Besides the technical marvel of what Hunter has accomplished for solo bass guitar, he has also put together some tasty arrangements that demonstrate his skill in the craft of musical composition. The form is an interesting combination of classically-influenced, 20th century, and jazz styles. Hunter does not sit idle in stagnate modes, simple harmonization, or repetitive motives, but instead puts a great effort into the exploration of all of these facets of his music. And, this is how he manages to keep an entire album of solo bass interesting.
Fans of bass guitar and solo bass will want to check out this CD from Steve Hunter. But, don't go by my appraisal. This is the CD that Chick Corea called "...a wonderful album of solo bass - very artful and melodic."
Steve Hunter has produced a work of sometimes exquisite beauty that is a million miles away from a self indulgent exercise the concept might suggest. Night People is an exploration of melody as much as rhythm and contains a surprising range of colours and textures on material ranging from free improvisations to composed pieces using solo and multi-tracked five-string bass.
Rolling Stone, June 1995
… Just as peaceful. as beautiful and even as impressive is Steve Hunter's solo five-string electric bass guitar recital. What a tone! The phrasing is full of contained passion, and Hunter's compositions are quite outstanding. Furthermore, his performance of Dave Holland's "Conference of the Birds" prompted me to get out the deliriously beautiful ECM album of the same name. Many thanks for that.
Sydney Morning Herald.
This is supposedly a world first: an entire album of nothing but bass guitar. If that sounds excessively eclectic, think again. This is not any old bass guitarist: Steve Hunter is a magician whose mid-boggling technique allows him to do things lesser mortals could not conceive of on his 5-string instrument. Notice I did not say "solo" bass. Hunter creates considerable variation in style and texture by judicious use of multi-tracking on some pieces. His forays in the upper register are almost indistinguishable from a singing classical guitar. This must be heard to be believed. The compositions generally evoke stillness, loneliness, or crystalline beauty, as suggested but he inclusion of Chick Corea's timeless Crystal Silence. Another of my all-time favourite pieces is also covered: Dave Holland's magnificent "Conference of the Birds", which works brilliantly in this format.
Australian Jazz & Blues. Vol 1, No 6
This CD strikes me as being a little like a magic realist novel. It unfolds gently, without recourse to grand hyperbole, but creates atmospheres resonant with unseen images and whispered rumours of imminent incidents. The mist unusual, perhaps even amazing element of this is that Night People is a solo recording. The only instrument utilised is Hunter's five strong electric bass. Ostensibly a jazz record, the moods Hunter captures go along way beyond being purely jazz. There is a folk feel predominant throughout the recording, and for the most part fusion drudgery is thankfully kept at arm's length. Curiouser and curiouser, as someone famous said. The local music scene is indeed a many be-plectrum fingered beast.

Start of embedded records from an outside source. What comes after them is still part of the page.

(* Let $l=m_5(e_3+e_4+e_5)+m_6e_6+m_7e_7+m_8e_8$ with $m_5,\dots,m_8\in\mathbb Z$ and $m_5+m_6+m_7+m_8$ even (these are exactly the vectors of $E_8$ orthogonal to $L_2=\langle e_2+e_1,e_2-e_1,e_4-e_3,e_5-e_4\rangle_\mathbb Z\cong 2A_1\oplus A_2$). Then $l$ is orthogonal to exactly $10$ roots of $E_8$ if and only if (i) $m_j\ne0$ for every $j\in\{5,6,7,8\}$ and $m_i\ne\pm m_j$ for all $5\le i<j\le8$, and (ii) $km_5\ne\pm m_6\pm m_7\pm m_8$ for $k\in\{1,3\}$ and every choice of signs. Moreover, $l$ is orthogonal to exactly $14$ roots of $E_8$ if (i) holds, (ii) holds for $k=1$, and there is exactly one relation of the form $3m_5=\pm m_6\pm m_7\pm m_8$ (exactly one choice of signs).
   Context: $e_1,\dots,e_8$ is an orthonormal basis of $\mathbb R^8$ and $E_8=\{x\in\mathbb Z^8\cup(\mathbb Z+\tfrac12)^8\mid \sum_i x_i\in2\mathbb Z\}$; its roots (vectors of square $2$) are the $112$ vectors $\pm e_i\pm e_j$ ($i<j$) and the $128$ vectors $\frac12\sum_{i=1}^8(-1)^{\nu_i}e_i$ with $\sum\nu_i$ even. *)

theory Defs
  imports Main "HOL-Library.FuncSet" Complex_Main
begin

text \<open>Vectors of R^8 are represented as functions nat => real supported on the
index set {1..8}; the coordinate x i is the coefficient of e_i.\<close>

definition e8_lattice :: "(nat \<Rightarrow> real) set" where
  "e8_lattice = {x. (\<forall>i. i \<notin> {1..8} \<longrightarrow> x i = 0) \<and>
      ((\<forall>i\<in>{1..8}. x i \<in> \<int>) \<or> (\<forall>i\<in>{1..8}. x i - 1/2 \<in> \<int>)) \<and>
      (\<exists>k::int. (\<Sum>i=1..8. x i) = 2 * of_int k)}"

definition inner8 :: "(nat \<Rightarrow> real) \<Rightarrow> (nat \<Rightarrow> real) \<Rightarrow> real" where
  "inner8 x y = (\<Sum>i=1..8. x i * y i)"

definition e8_roots :: "(nat \<Rightarrow> real) set" where
  "e8_roots = {x \<in> e8_lattice. inner8 x x = 2}"

definition num_orth_roots :: "(nat \<Rightarrow> real) \<Rightarrow> nat" where
  "num_orth_roots l = card {r \<in> e8_roots. inner8 l r = 0}"

definition lvec :: "int \<Rightarrow> int \<Rightarrow> int \<Rightarrow> int \<Rightarrow> nat \<Rightarrow> real" where
  "lvec m5 m6 m7 m8 = (\<lambda>i. if i \<in> {3,4,5} then of_int m5 else if i = 6 then of_int m6
      else if i = 7 then of_int m7 else if i = 8 then of_int m8 else 0)"

end

theory Submission
  imports Defs
begin

(* Every root of E8 is either +-e_i +-e_j or (1/2) sum eps_i e_i with eps_i = +-1 and
   prod eps_i = 1.  Besides the 10 roots of L2 (+-e1 +-e2 and +-(e_i - e_j), 3 <= i < j <= 5),
   an integral root is orthogonal to l only if two of 0, |m5|, |m6|, |m7|, |m8| coincide, and a
   half-integral one only if m5 (eps3 + eps4 + eps5) = -(eps6 m6 + eps7 m7 + eps8 m8); since
   eps3 + eps4 + eps5 is +-1 or +-3, this is a relation as in (ii) with k = 1 or k = 3.  Under (i)
   and (ii) for k = 1, every sign solution of 3 m5 = s6 m6 + s7 m7 + s8 m8 yields exactly four
   further roots (free choice of eps1 and of eps3 = eps4 = eps5), so l is orthogonal to 10 + 4 N
   roots, N the number of such solutions. *)

lemma prod_signs:
  fixes \<epsilon> :: "'a \<Rightarrow> int"
  assumes "\<forall>x\<in>A. \<epsilon> x \<in> {-1, 1}"
  shows "(\<Prod>x\<in>A. \<epsilon> x) \<in> {-1, 1}"
  using assms by (induction A rule: infinite_finite_induct) auto

lemma four_dvd_sum_signs_minus_prod:
  fixes \<epsilon> :: "'a \<Rightarrow> int"
  assumes "finite A" "\<forall>x\<in>A. \<epsilon> x \<in> {-1, 1}"
  shows "4 dvd (\<Sum>x\<in>A. \<epsilon> x) - (\<Prod>x\<in>A. \<epsilon> x) - int (card A) + 1"
  using assms
proof (induction A rule: finite_induct)
  case (insert x A)
  let ?s = "\<Sum>y\<in>A. \<epsilon> y" and ?p = "\<Prod>y\<in>A. \<epsilon> y"
  have "2 dvd 1 - ?p" "2 dvd 1 - \<epsilon> x"
    using insert.prems prod_signs[of A \<epsilon>] by auto
  then have "2 * 2 dvd (1 - ?p) * (1 - \<epsilon> x)"
    by (rule mult_dvd_mono)
  with insert have "4 dvd (?s - ?p - int (card A) + 1) - (1 - ?p) * (1 - \<epsilon> x)"
    by (simp add: dvd_diff)
  moreover have "(\<Sum>y\<in>insert x A. \<epsilon> y) - (\<Prod>y\<in>insert x A. \<epsilon> y) - int (card (insert x A)) + 1
      = (?s - ?p - int (card A) + 1) - (1 - ?p) * (1 - \<epsilon> x)"
    using insert.hyps by (simp add: algebra_simps)
  ultimately show ?case by (simp only:)
qed simp

lemma four_dvd_sum_signs_iff:
  fixes \<epsilon> :: "'a \<Rightarrow> int"
  assumes "finite A" "4 dvd card A" "\<forall>x\<in>A. \<epsilon> x \<in> {-1, 1}"
  shows "4 dvd (\<Sum>x\<in>A. \<epsilon> x) \<longleftrightarrow> (\<Prod>x\<in>A. \<epsilon> x) = 1"
proof -
  have "4 dvd int (card A)"
    using assms(2) by presburger
  with four_dvd_sum_signs_minus_prod[OF assms(1,3)]
  have "4 dvd ((\<Sum>x\<in>A. \<epsilon> x) - (\<Prod>x\<in>A. \<epsilon> x) - int (card A) + 1) + int (card A)"
    by (rule dvd_add)
  then have "4 dvd (\<Sum>x\<in>A. \<epsilon> x) - (\<Prod>x\<in>A. \<epsilon> x) + 1"
    by (simp add: algebra_simps)
  moreover have "(\<Prod>x\<in>A. \<epsilon> x) \<in> {-1, 1}"
    using prod_signs[OF assms(3)] .
  moreover have "\<not> 4 dvd (2::int)" by simp
  ultimately show ?thesis
    by (smt (verit, best) dvd_add_right_iff insertE singletonD)
qed

lemma atLeastAtMost_1_8: "{1..8::nat} = {1, 2, 3, 4, 5, 6, 7, 8}"
  by auto

definition integral_root :: "nat \<Rightarrow> nat \<Rightarrow> int \<Rightarrow> int \<Rightarrow> nat \<Rightarrow> real" where
  "integral_root i j a b = (\<lambda>k. if k = i then of_int a else if k = j then of_int b else 0)"

definition half_root :: "(nat \<Rightarrow> int) \<Rightarrow> nat \<Rightarrow> real" where
  "half_root \<epsilon> = (\<lambda>k. if k \<in> {1..8} then of_int (\<epsilon> k) / 2 else 0)"

lemma half_root_cong: "(\<And>k. k \<in> {1..8} \<Longrightarrow> \<epsilon> k = \<delta> k) \<Longrightarrow> half_root \<epsilon> = half_root \<delta>"
  by (auto simp: half_root_def)

lemma half_root_eqD: "half_root \<epsilon> = half_root \<delta> \<Longrightarrow> k \<in> {1..8} \<Longrightarrow> \<epsilon> k = \<delta> k"
  by (drule fun_cong[of _ _ k]) (simp add: half_root_def)
lemma rep_Hom_thin_arrow_eq:
  assumes "\<phi> \<in> rep_Hom I Q (thin_dim S) (thin_map S) (thin_dim S') (thin_map S')"
    and "S \<inter> S' \<subseteq> I" "j \<in> S \<inter> S'" "i \<in> S \<inter> S'" "Q j i"
  shows "\<phi> j = \<phi> i"
proof -
  have "j \<in> I" "i \<in> I" using assms(2-4) by auto
  then have "\<phi> j \<in> carrier_mat 1 1" "\<phi> i \<in> carrier_mat 1 1"
    using assms(1,3,4) by (auto simp: rep_Hom_def thin_dim_def)
  moreover have "thin_map S' j i * \<phi> j = \<phi> i * thin_map S j i"
    using assms(1,5) \<open>j \<in> I\<close> \<open>i \<in> I\<close> unfolding rep_Hom_def by blast
  then have "1\<^sub>m 1 * \<phi> j = \<phi> i * 1\<^sub>m 1"
    using assms(3,4) by (simp add: thin_map_def)
  ultimately show ?thesis by simp
qed

lemma rep_Hom_thin_const:
  assumes "\<phi> \<in> rep_Hom I Q (thin_dim S) (thin_map S) (thin_dim S') (thin_map S')"
    and "S \<inter> S' \<subseteq> I" "quiver_connected Q (S \<inter> S')" "x \<in> S \<inter> S'" "y \<in> S \<inter> S'"
  shows "\<phi> x = \<phi> y"
proof -
  have "(x, y) \<in> (quiver_link Q (S \<inter> S'))\<^sup>*"
    using assms(3-5) by (auto simp: quiver_connected_def)
  then show ?thesis
  proof induction
    case (step y z)
    then show ?case
      using rep_Hom_thin_arrow_eq[OF assms(1,2), of y z] rep_Hom_thin_arrow_eq[OF assms(1,2), of z y]
      by (auto simp: quiver_link_def)
  qed simp
qed

lemma rep_Hom_thin_obtain_scalar:
  assumes "\<phi> \<in> rep_Hom I Q (thin_dim S) (thin_map S) (thin_dim S') (thin_map S')"
    and "S \<inter> S' \<subseteq> I" "quiver_connected Q (S \<inter> S')"
  obtains c where "\<phi> = thin_hom I S S' c"
proof (cases "S \<inter> S' = {}")
  case True
  then show ?thesis
    using rep_Hom_thin_outside[OF assms(1)] that by blast
next
  case False
  then obtain i0 where i0: "i0 \<in> S \<inter> S'" by blast
  have "\<phi> i = thin_hom I S S' (\<phi> i0 $$ (0, 0)) i" for i
  proof (cases "i \<in> S \<inter> S'")
    case True
    have "\<phi> i0 \<in> carrier_mat 1 1"
      using assms(1) i0 assms(2)[THEN subsetD, OF i0] by (auto simp: rep_Hom_def thin_dim_def)
    then have "\<phi> i0 = \<phi> i0 $$ (0, 0) \<cdot>\<^sub>m 1\<^sub>m 1" by auto
    then show ?thesis
      using True rep_Hom_thin_const[OF assms i0 True] by (simp add: thin_hom_def)
  qed (rule rep_Hom_thin_outside[OF assms(1)])
  then show ?thesis using that by blast
qed
lemma convex_slope_le_slope:
  fixes F :: "real \<Rightarrow> real"
  assumes cvx: "convex_on UNIV F" and "x < y" "y < t"
  shows "(F y - F x) / (y - x) \<le> (F t - F y) / (t - y)"
proof -
  have "(F x - F y) / (x - y) \<le> (F x - F t) / (x - t)"
    and "(F x - F t) / (x - t) \<le> (F y - F t) / (y - t)"
    using convex_on_slope_le[OF cvx, of x t y] assms by auto
  moreover have "(F y - F x) / (y - x) = (F x - F y) / (x - y)"
    and "(F t - F y) / (t - y) = (F y - F t) / (y - t)"
    by (metis minus_diff_eq minus_divide_divide)+
  ultimately show ?thesis by linarith
qed

definition support_slope :: "(real \<Rightarrow> real) \<Rightarrow> real \<Rightarrow> real" where
  "support_slope F y = Inf ((\<lambda>t. (F t - F y) / (t - y)) ` {y<..})"

lemma
  fixes F :: "real \<Rightarrow> real"
  assumes cvx: "convex_on UNIV F"
  shows support_slope_le: "y < t \<Longrightarrow> support_slope F y \<le> (F t - F y) / (t - y)"
    and le_support_slope: "x < y \<Longrightarrow> (F y - F x) / (y - x) \<le> support_slope F y"
proof -
  have bdd: "bdd_below ((\<lambda>t. (F t - F y) / (t - y)) ` {y<..})"
    unfolding bdd_below_def using convex_slope_le_slope[OF cvx, of "y - 1" y] by auto
  show "y < t \<Longrightarrow> support_slope F y \<le> (F t - F y) / (t - y)"
    unfolding support_slope_def by (rule cInf_lower[OF _ bdd]) auto
  show "x < y \<Longrightarrow> (F y - F x) / (y - x) \<le> support_slope F y"
    unfolding support_slope_def
    by (rule cInf_greatest) (auto intro: convex_slope_le_slope[OF cvx] simp: gt_ex)
qed

lemma convex_above_support_line:
  fixes F :: "real \<Rightarrow> real"
  assumes cvx: "convex_on UNIV F"
  shows "F y + support_slope F y * (x - y) \<le> F x"
proof (cases x y rule: linorder_cases)
  case less
  with le_support_slope[OF cvx less] have "F y - F x \<le> support_slope F y * (y - x)"
    by (simp add: divide_le_eq)
  then show ?thesis by (simp add: algebra_simps)
next
  case greater
  with support_slope_le[OF cvx greater] have "support_slope F y * (x - y) \<le> F x - F y"
    by (simp add: le_divide_eq)
  then show ?thesis by simp
qed simp

lemma support_slope_mono:
  fixes F :: "real \<Rightarrow> real"
  assumes cvx: "convex_on UNIV F" and "x \<le> y"
  shows "support_slope F x \<le> support_slope F y"
proof (cases "x = y")
  case False
  with assms have "x < y" by simp
  with support_slope_le[OF cvx this] le_support_slope[OF cvx this] show ?thesis by linarith
qed simp

lemma support_slope_nonneg:
  fixes F :: "real \<Rightarrow> real"
  assumes cvx: "convex_on UNIV F" and "mono F"
  shows "0 \<le> support_slope F y"
proof -
  have "0 \<le> (F y - F (y - 1)) / (y - (y - 1))"
    using \<open>mono F\<close> by (simp add: mono_def)
  also have "\<dots> \<le> support_slope F y" by (rule le_support_slope[OF cvx]) simp
  finally show ?thesis .
qed

lemma sum_convex_mono_le_of_weak_majorization:
  fixes F :: "real \<Rightarrow> real" and x y :: "nat \<Rightarrow> real"
  assumes cvx: "convex_on UNIV F" and "mono F"
    and y_antimono: "\<And>i j. i \<le> j \<Longrightarrow> j < n \<Longrightarrow> y j \<le> y i"
    and partial_sums: "\<And>m. m \<le> n \<Longrightarrow> (\<Sum>i<m. y i) \<le> (\<Sum>i<m. x i)"
  shows "(\<Sum>i<n. F (y i)) \<le> (\<Sum>i<n. F (x i))"
proof -
  have "0 \<le> (\<Sum>i<n. support_slope F (y i) * (x i - y i))"
  proof (rule sum_mult_nonneg_of_partial_sums_nonneg)
    fix i assume "Suc i < n"
    then show "support_slope F (y (Suc i)) \<le> support_slope F (y i)"
      using y_antimono[of i "Suc i"] by (intro support_slope_mono[OF cvx]) auto
  next
    fix m assume "m \<le> n"
    then show "0 \<le> (\<Sum>i<m. x i - y i)" using partial_sums[of m] by (simp add: sum_subtractf)
  qed (rule support_slope_nonneg[OF cvx \<open>mono F\<close>])
  also have "\<dots> \<le> (\<Sum>i<n. F (x i) - F (y i))"
    using convex_above_support_line[OF cvx] by (intro sum_mono) (simp add: algebra_simps)
  finally show ?thesis by (simp add: sum_subtractf)
qed

lemma length_dec_arr [simp]: "length (dec_arr n a) = n"
  by (simp add: dec_arr_def)

lemma dec_arr_antimono:
  assumes "i \<le> j" "j < n"
  shows "dec_arr n a ! j \<le> dec_arr n a ! i"
proof -
  define s where "s = sort (map a [0..<n])"
  have "sorted s" "length s = n" by (simp_all add: s_def)
  then have "s ! (n - Suc j) \<le> s ! (n - Suc i)"
    using assms by (intro sorted_nth_mono) auto
  with \<open>length s = n\<close> show ?thesis using assms by (simp add: dec_arr_def s_def[symmetric] rev_nth)
qed

lemma sum_dec_arr: "(\<Sum>i<n. h (dec_arr n a ! i)) = (\<Sum>i<n. h (a i))"
proof -
  have "mset (dec_arr n a) = mset (map a [0..<n])" by (simp add: dec_arr_def)
  then have "sum_list (map h (dec_arr n a)) = sum_list (map h (map a [0..<n]))"
    by (metis mset_map sum_mset_sum_list)
  then show ?thesis
    by (simp add: sum_list_sum_nth interv_sum_list_conv_sum_set_nat atLeast0LessThan)
qed

lemma dec_arr_pos:
  assumes "\<forall>i<n. a i > 0" "i < n"
  shows "dec_arr n a ! i > 0"
proof -
  have "dec_arr n a ! i \<in> set (dec_arr n a)" using assms by simp
  also have "set (dec_arr n a) = a ` {..<n}" by (auto simp: dec_arr_def)
  finally show ?thesis using assms by auto
qed

lemma prod_list_take_dec_arr:
  assumes "j \<le> n"
  shows "prod_list (take j (dec_arr n a)) = (\<Prod>i<j. dec_arr n a ! i)"
  using assms by (simp add: prod.list_conv_set_nth atLeast0LessThan min_def)

lemma sum_ln_prefix_dec_arr:
  assumes "\<forall>i<n. a i > 0" "j \<le> n"
  shows "(\<Sum>i<j. ln (dec_arr n a ! i)) = ln (prod_list (take j (dec_arr n a)))"
proof -
  have "\<And>i. i \<in> {..<j} \<Longrightarrow> dec_arr n a ! i \<noteq> 0"
    using dec_arr_pos[OF assms(1)] assms(2) by (metis lessThan_iff less_le_trans order_less_irrefl)
  then show ?thesis unfolding prod_list_take_dec_arr[OF assms(2)] by (subst ln_prod) auto
qed

lemma sum_convex_mono_ln_le_of_prod_dominance:
  fixes F :: "real \<Rightarrow> real" and \<alpha> \<alpha>s :: "nat \<Rightarrow> real"
  assumes cvx: "convex_on UNIV F" and "mono F"
    and \<alpha>: "\<forall>i<n. \<alpha> i > 0" and \<alpha>s: "\<forall>i<n. \<alpha>s i > 0"
    and prod_dom: "\<forall>j\<in>{1..n}. prod_list (take j (dec_arr n \<alpha>s)) \<le> prod_list (take j (dec_arr n \<alpha>))"
  shows "(\<Sum>i<n. F (ln (\<alpha>s i))) \<le> (\<Sum>i<n. F (ln (\<alpha> i)))"
proof -
  have "(\<Sum>i<n. F (ln (dec_arr n \<alpha>s ! i))) \<le> (\<Sum>i<n. F (ln (dec_arr n \<alpha> ! i)))"
  proof (rule sum_convex_mono_le_of_weak_majorization[OF cvx \<open>mono F\<close>])
    fix i j assume "i \<le> j" "j < n"
    then show "ln (dec_arr n \<alpha>s ! j) \<le> ln (dec_arr n \<alpha>s ! i)"
      using dec_arr_antimono[of i j n \<alpha>s] dec_arr_pos[OF \<alpha>s] by simp
  next
    fix m assume m: "m \<le> n"
    show "(\<Sum>i<m. ln (dec_arr n \<alpha>s ! i)) \<le> (\<Sum>i<m. ln (dec_arr n \<alpha> ! i))"
    proof (cases "m = 0")
      case False
      with m prod_dom have "prod_list (take m (dec_arr n \<alpha>s)) \<le> prod_list (take m (dec_arr n \<alpha>))"
        by simp
      moreover have "0 < prod_list (take m (dec_arr n \<alpha>s))"
        unfolding prod_list_take_dec_arr[OF m] using m dec_arr_pos[OF \<alpha>s] by (intro prod_pos) auto
      ultimately show ?thesis
        using m by (simp add: sum_ln_prefix_dec_arr[OF \<alpha>s] sum_ln_prefix_dec_arr[OF \<alpha>])
    qed simp
  qed
  then show ?thesis
    using sum_dec_arr[where h="\<lambda>v. F (ln v)" and a=\<alpha>] sum_dec_arr[where h="\<lambda>v. F (ln v)" and a=\<alpha>s]
    by simp
qed

lemma archimedean_generatorD:
  assumes "archimedean_generator n \<phi>"
  shows "continuous_on {0..} \<phi>" "(\<phi> \<longlongrightarrow> 0) at_top" "\<phi> 0 = 1"
    "\<And>x. 0 \<le> x \<Longrightarrow> 0 \<le> \<phi> x" "\<And>x. 0 \<le> x \<Longrightarrow> \<phi> x \<le> 1"
  using assms by (auto simp: archimedean_generator_def)

lemma archimedean_generator_antimono:
  fixes \<phi> :: "real \<Rightarrow> real"
  assumes gen: "archimedean_generator n \<phi>" and "n \<ge> 2" and "0 < x" "x \<le> y"
  shows "\<phi> y \<le> \<phi> x"
proof (cases "n = 2")
  case True
  with gen have "antimono_on {0<..} \<phi>"
    by (simp add: archimedean_generator_def n_monotone_pos_def)
  then show ?thesis using assms by (auto simp: monotone_on_def)
next
  case False
  with \<open>n \<ge> 2\<close> have "0 < n - 2" "1 \<le> n - 2" by auto
  with gen have diff: "\<And>z. z > 0 \<Longrightarrow> \<phi> differentiable (at z)"
    and deriv_nonpos: "\<And>z. z > 0 \<Longrightarrow> (-1) ^ 1 * (deriv ^^ 1) \<phi> z \<ge> 0"
    unfolding archimedean_generator_def n_monotone_pos_def by (metis funpow_0, blast)
  show ?thesis
  proof (rule DERIV_nonpos_imp_nonincreasing[OF \<open>x \<le> y\<close>])
    fix z assume "x \<le> z" "z \<le> y"
    with \<open>0 < x\<close> have "z > 0" by simp
    then show "\<exists>d. DERIV \<phi> z :> d \<and> d \<le> 0"
      using diff deriv_nonpos DERIV_deriv_iff_real_differentiable[of \<phi> z] by auto
  qed
qed

lemma pseudo_inv_nonneg: "0 \<le> pseudo_inv \<phi> v"
  unfolding pseudo_inv_def by (rule Inf_greatest) auto

text \<open>The infimum defining psi(v) is attained by continuity, and phi(psi(v)) = v by the
  intermediate value theorem on [0, psi(v)].\<close>
lemma pseudo_inv_attained:
  fixes \<phi> :: "real \<Rightarrow> real" and v :: real
  defines "p \<equiv> real_of_ereal (pseudo_inv \<phi> v)"
  assumes cont: "continuous_on {0..} \<phi>" and "\<phi> 0 = 1" "v \<le> 1" and "\<exists>x\<ge>0. \<phi> x \<le> v"
  shows "pseudo_inv \<phi> v = ereal p" "0 \<le> p" "\<phi> p = v" "\<And>x. 0 \<le> x \<Longrightarrow> \<phi> x \<le> v \<Longrightarrow> p \<le> x"
proof -
  define S where "S = {u. 0 \<le> u \<and> \<phi> u \<le> v}"
  have "S \<noteq> {}" using assms by (auto simp: S_def)
  have "closed S"
  proof -
    have "closed {x \<in> {0..}. \<phi> x \<le> (\<lambda>_. v) x}"
      by (rule continuous_on_closed_Collect_le[OF cont continuous_on_const]) simp
    moreover have "{x \<in> {0..}. \<phi> x \<le> (\<lambda>_. v) x} = S" by (auto simp: S_def)
    ultimately show ?thesis by simp
  qed
  have bdd: "bdd_below S" by (auto simp: S_def bdd_below_def)
  have InfS: "Inf S \<in> S" by (rule closed_contains_Inf[OF \<open>S \<noteq> {}\<close> bdd \<open>closed S\<close>])
  have Inf_le: "\<And>x. x \<in> S \<Longrightarrow> Inf S \<le> x" by (rule cInf_lower[OF _ bdd])
  have eq: "pseudo_inv \<phi> v = ereal (Inf S)"
    unfolding pseudo_inv_def S_def[symmetric]
    by (rule antisym) (use InfS Inf_le in \<open>auto intro: Inf_lower Inf_greatest\<close>)
  then have p: "p = Inf S" by (simp add: p_def)
  with eq show "pseudo_inv \<phi> v = ereal p" by simp
  show "0 \<le> p" "\<And>x. 0 \<le> x \<Longrightarrow> \<phi> x \<le> v \<Longrightarrow> p \<le> x"
    using InfS Inf_le by (auto simp: p S_def)
  have "\<phi> p \<le> v" using InfS by (simp add: p S_def)
  moreover have "\<exists>x\<ge>0. x \<le> p \<and> \<phi> x = v"
    by (rule IVT2') (use \<open>\<phi> p \<le> v\<close> \<open>0 \<le> p\<close> assms in \<open>auto intro: continuous_on_subset[OF cont]\<close>)
  then obtain x where "0 \<le> x" "x \<le> p" "\<phi> x = v" by blast
  moreover have "p \<le> x" using Inf_le \<open>0 \<le> x\<close> \<open>\<phi> x = v\<close> by (simp add: p S_def)
  ultimately show "\<phi> p = v" by simp
qed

The Drum Media February 1995
Whether hes playing solo bass or against a dubbed bass track, his touch and smoky tone are consistently evident. His use of dynamics is nothing short of expansive and he really knows how to exploit his instrument's voicings. This is obvious from his excellent chordal work.
On Night People, you hear comprehensively for the first time a remarkably lyrical Hunter, exploring the timbral possibilities of his instrument through subtle understatement and poignant romance. There are moments on Night People where, if you didn't know it was only bass guitar you were listening to, you could mistake it for a Spanish guitar exploring a tone poem, say, over a bass, the playing is so lyrical.
The Drum Media January 1995
An album strictly for true lovers of the bass guitar… The material is generally gentle but very imaginative and beautifully performed.… The majority of the material is original, delightful and inspiring to those who are playing basic bass and looking to push the instrument to new heights. This album represents the kind of recording we are often asked about in Bassist as such commercial bass performances are rare and often hard to come by.